The role of US leadership in space security

Even if the US decides to accept the draft EU Code of Conduct—which could lead to an international forum as early as next year where countries would be invited to attend and formally adopt it—space security experts see it as only an initial step in efforts to preserve the space environment for all users.

Last month UCS released a report, Securing the Skies, which outlines the steps that the US in particular should take to improve space security and sustainability. The report’s recommendations range from a declaration that the US will not be the first to put weapons in space and stop any plans for space-based missile defense, to efforts to make satellites less vulnerable, to attack to export control reforms that make civil and commercial space cooperation easier.

“Policymakers in the US and around the world are recognizing that the existing legal agreements and norms are not adequate to ensure the security and sustainability of space for the future, and that new international discussions are urgently needed,” said Laura Grego, UCS senior staff scientist, at the UCS event last week.

“The US can’t solve this problem alone, but it can and should take the lead,” Grego said.

One alternative to both the Code of Conduct and a full-fledged treaty would be specific space security “pledges” made by individual countries, said Meyer. Canada has proposed a number of such pledges, such as agreeing not to place weapons in space and refraining from destructive ASAT testing. “These ideas are seen to represent somewhat of a middle ground between the non-weaponization treaty option on the one hand and the ‘security-light’ measures of the EU Code of Conduct on the other,” he said. These pledges, while initially made unilaterally, could eventually be combined into a legally binding document, he said.

Regardless of the approach used for space security—code of conduct, treaty, pledges, or something else—experts say the US role will be critical. “The position of the US, as a principal spacefaring nation, I think will be decisive in determining which, if any, of these channels will be activated in the near term,” Meyer said.

“The US can’t solve this problem alone, but it can and should take the lead,” Grego said. She said the new national space policy “shows an encouraging awareness” of the issues of space security, but it needs to follow through with specific measures. “It needs either to initiate these efforts or to respond constructively to others’ initiatives so that progress can be made.”

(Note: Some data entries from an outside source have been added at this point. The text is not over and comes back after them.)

lemma harmonic_iff_taylor:
  "harmonic P \<longleftrightarrow>
    (\<forall>m. taylor P (m + mvar X12 + mvar X34) - taylor P (m + mvar X13 + mvar X24)
          + taylor P (m + mvar X14 + mvar X23) = 0) \<and>
    (\<forall>m. taylor P (m + mvar X23 + mvar X4) - taylor P (m + mvar X24 + mvar X3)
          + taylor P (m + mvar X34 + mvar X2) = 0) \<and>
    (\<forall>m. taylor P (m + mvar X13 + mvar X4) - taylor P (m + mvar X14 + mvar X3)
          + taylor P (m + mvar X34 + mvar X1) = 0) \<and>
    (\<forall>m. taylor P (m + mvar X12 + mvar X4) - taylor P (m + mvar X14 + mvar X2)
          + taylor P (m + mvar X24 + mvar X1) = 0) \<and>
    (\<forall>m. taylor P (m + mvar X12 + mvar X3) - taylor P (m + mvar X13 + mvar X2)
          + taylor P (m + mvar X23 + mvar X1) = 0)"
  by (simp add: harmonic_def opD_def opD1_def opD2_def opD3_def opD4_def poly_eq_iff_taylor
      taylor_add taylor_diff taylor_pd)

text \<open>\<open>flip_sign N m\<close> is the factor by which the substitution \<open>x\<^sub>v \<mapsto> -x\<^sub>v\<close> for \<open>v \<in> N\<close>
  changes the Taylor coefficient at \<open>m\<close>.\<close>

definition flip_sign :: "var set \<Rightarrow> mon \<Rightarrow> complex" where
  "flip_sign N m = (-1) ^ (\<Sum>v\<in>N. lookup m v)"

lemma flip_sign_add: "flip_sign N (m + n) = flip_sign N m * flip_sign N n"
  by (simp add: flip_sign_def lookup_add sum.distrib power_add)

lemma flip_sign_mvar [simp]: "flip_sign N (mvar v) = (if v \<in> N then -1 else 1)"
  by (simp add: flip_sign_def sum.delta)

lemma flip_sign_square: "flip_sign N m * flip_sign N m = 1"
  by (simp add: flip_sign_def power_add[symmetric])

lemma flip_sign_nonzero [simp]: "flip_sign N m \<noteq> 0"
  by (simp add: flip_sign_def)


definition lin :: "(mon \<Rightarrow> complex) \<Rightarrow> poly10 \<Rightarrow> complex" where
  "lin F P = (\<Sum>m\<in>keys P. lookup P m * F m)"

lemma lin_superset:
  "finite S \<Longrightarrow> keys P \<subseteq> S \<Longrightarrow> lin F P = (\<Sum>m\<in>S. lookup P m * F m)"
  unfolding lin_def by (rule sum.mono_neutral_left) (auto simp: in_keys_iff)

lemma lin_diff: "lin F (P - Q) = lin F P - lin F Q"
proof -
  let ?S = "keys P \<union> keys Q"
  have "lin F (P - Q) = (\<Sum>m\<in>?S. lookup (P - Q) m * F m)"
    by (rule lin_superset) (auto simp: keys_diff)
  also have "\<dots> = lin F P - lin F Q"
    by (simp add: lin_superset[where S = ?S] lookup_minus left_diff_distrib sum_subtractf)
  finally show ?thesis .
qed

lemma lin_zero [simp]: "lin F 0 = 0"
  by (simp add: lin_def)

lemma lin_single [simp]: "lin F (single m 1) = F m"
  by (simp add: lin_def)

subsection \<open>Five quadrics in ten variables\<close>

locale five_quadrics =
  fixes y z a1 a2 a3 b1 b2 c d1 d2 :: var
  assumes distinct_vars: "distinct [y, z, a1, a2, a3, b1, b2, c, d1, d2]"
begin

lemmas vars_neq [simp] =
  distinct_vars[simplified] distinct_vars[THEN distinct_rev[THEN iffD2], simplified]

lemma UNIV_eq_vars: "(UNIV :: var set) = {y, z, a1, a2, a3, b1, b2, c, d1, d2}"
proof -
  have UNIV_var: "(UNIV :: var set) = {X1, X2, X3, X4, X12, X13, X14, X23, X24, X34}"
    by (auto intro: var.exhaust)
  have "card (UNIV :: var set) = 10"
    unfolding UNIV_var by simp
  moreover have "card {y, z, a1, a2, a3, b1, b2, c, d1, d2} = 10"
    using distinct_vars by simp
  ultimately show ?thesis
    by (metis card_subset_eq finite subset_UNIV)
qed

text \<open>A triple \<open>(l, s, t)\<close> stands for the quadric \<open>x\<^sup>l - x\<^sup>s + x\<^sup>t\<close>; its leading monomial
  \<open>x\<^sup>l\<close> has larger weight \<open>wt\<close> than the other two.\<close>

definition quadrics :: "(mon \<times> mon \<times> mon) list" where
  "quadrics =
    [(mvar a1 + mvar d1, mvar a2 + mvar y, mvar z + mvar b1),
     (mvar b1 + mvar d2, mvar y + mvar c, mvar d1 + mvar b2),
     (mvar a2 + mvar d2, mvar z + mvar c, mvar d1 + mvar a3),
     (mvar a1 + mvar d2, mvar z + mvar b2, mvar y + mvar a3),
     (mvar b1 + mvar a3, mvar a2 + mvar b2, mvar a1 + mvar c)]"

text \<open>The Taylor coefficient functions of the polynomials independent of \<open>z\<close> that are
  annihilated by the five operators \<open>\<partial>\<^sup>l - \<partial>\<^sup>s + \<partial>\<^sup>t\<close>.\<close>

definition solution :: "(mon \<Rightarrow> complex) \<Rightarrow> bool" where
  "solution f \<longleftrightarrow> (\<forall>m. 0 < lookup m z \<longrightarrow> f m = 0) \<and>
     (\<forall>(l, s, t) \<in> set quadrics. \<forall>m. f (m + l) - f (m + s) + f (m + t) = 0)"

definition standard :: "mon \<Rightarrow> bool" where
  "standard m \<longleftrightarrow> lookup m z = 0 \<and> (\<forall>(l, s, t) \<in> set quadrics. \<forall>k. m \<noteq> k + l)"

lemma standard_iff:
  "standard m \<longleftrightarrow> lookup m z = 0 \<and>
     \<not> (0 < lookup m a1 \<and> 0 < lookup m d1) \<and> \<not> (0 < lookup m b1 \<and> 0 < lookup m d2) \<and>
     \<not> (0 < lookup m a2 \<and> 0 < lookup m d2) \<and> \<not> (0 < lookup m a1 \<and> 0 < lookup m d2) \<and>
     \<not> (0 < lookup m b1 \<and> 0 < lookup m a3)"
  by (simp add: standard_def quadrics_def add.assoc[symmetric] ex_add_mvar_iff[symmetric])

lemma standard_add_mvar_y: "standard m \<Longrightarrow> standard (m + mvar y)"
  by (simp add: standard_iff lookup_add)

definition wt :: "mon \<Rightarrow> nat" where
  "wt m = 4 * lookup m a1 + 3 * lookup m a2 + 2 * lookup m a3 + 3 * lookup m b1"

lemma wt_add: "wt (m + n) = wt m + wt n"
  by (simp add: wt_def lookup_add)

lemma quadrics_wt: "(l, s, t) \<in> set quadrics \<Longrightarrow> wt s < wt l \<and> wt t < wt l"
  by (auto simp: quadrics_def wt_def lookup_add)

lemma quadrics_deg: "(l, s, t) \<in> set quadrics \<Longrightarrow> deg s = deg l \<and> deg t = deg l"
  by (auto simp: quadrics_def deg_add)

lemma solution_shift:
  assumes "solution f" and "lookup n z = 0"
  shows "solution (\<lambda>m. f (m + n))"
proof -
  have "f (m + l + n) - f (m + s + n) + f (m + t + n) = 0" if "(l, s, t) \<in> set quadrics" for l s t m
  proof -
    have "f (m + n + l) - f (m + n + s) + f (m + n + t) = 0"
      using assms(1) that unfolding solution_def by blast
    then show ?thesis
      by (simp only: ac_simps)
  qed
  then show ?thesis
    using assms unfolding solution_def by (auto simp: lookup_add)
qed

text \<open>A solution is determined by its values on standard monomials: a nonstandard monomial
  either contains \<open>z\<close> or is rewritten by a quadric into monomials of smaller weight.\<close>

lemma solution_eqI:
  assumes f: "solution f" and g: "solution g" and std: "\<And>w. standard w \<Longrightarrow> f w = g w"
  shows "f = g"
proof
  fix m
  show "f m = g m"
  proof (induction "wt m" arbitrary: m rule: less_induct)
    case less
    show ?case
    proof (cases "standard m")
      case False
      then consider "0 < lookup m z" | l s t k where "(l, s, t) \<in> set quadrics" "m = k + l"
        unfolding standard_def by auto
      then show ?thesis
      proof cases
        case 1
        with f g show ?thesis by (simp add: solution_def)
      next
        case (2 l s t k)
        have reduce: "h m = h (k + s) - h (k + t)" if "solution h" for h
          using that 2 unfolding solution_def by (fastforce simp: algebra_simps)
        have "wt (k + s) < wt m" "wt (k + t) < wt m"
          using quadrics_wt[OF 2(1)] 2(2) by (simp_all add: wt_add)
        then show ?thesis
          using reduce[OF f] reduce[OF g] less by simp
      qed
    qed (rule std)
  qed
qed

text \<open>The substitution homomorphism, written out on monomials; its values on the variables are
  listed in \<open>psi_mvar\<close>.\<close>

definition psi_mon :: "mon \<Rightarrow> mon" where
  "psi_mon m =
     single y (2 * lookup m y + lookup m a1 + lookup m b1 + lookup m b2 + lookup m d1 + lookup m d2)
     + single a1 (lookup m a1 + lookup m a2 + lookup m a3) + single b1 (lookup m b1)
     + single b2 (lookup m b2) + single d1 (lookup m d1 + lookup m a2)
     + single d2 (lookup m d2 + lookup m a3)"

definition psi_c :: poly10 where
  "psi_c = single (mvar b2 + mvar d1) 1 + single (mvar b1 + mvar d2) 1"

definition psi :: "mon \<Rightarrow> poly10" where
  "psi m = single (psi_mon m) ((-1) ^ lookup m a3 * 0 ^ lookup m z) * psi_c ^ lookup m c"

Rose, in his earlier Stimson Center comments, said that US leadership could be demonstrated by helping bring other “like-minded” countries to the table to agree upon a code of conduct or similar concepts. “That’s going to be the challenge in the coming year: how do you make this happen?” he said. “There are very few nations in the world that can get everybody—all the key players—together.” If the US makes a decision to support the EU Code, he said, “I think that is something that you would see the United States doing: getting everybody to sit down at the table together.”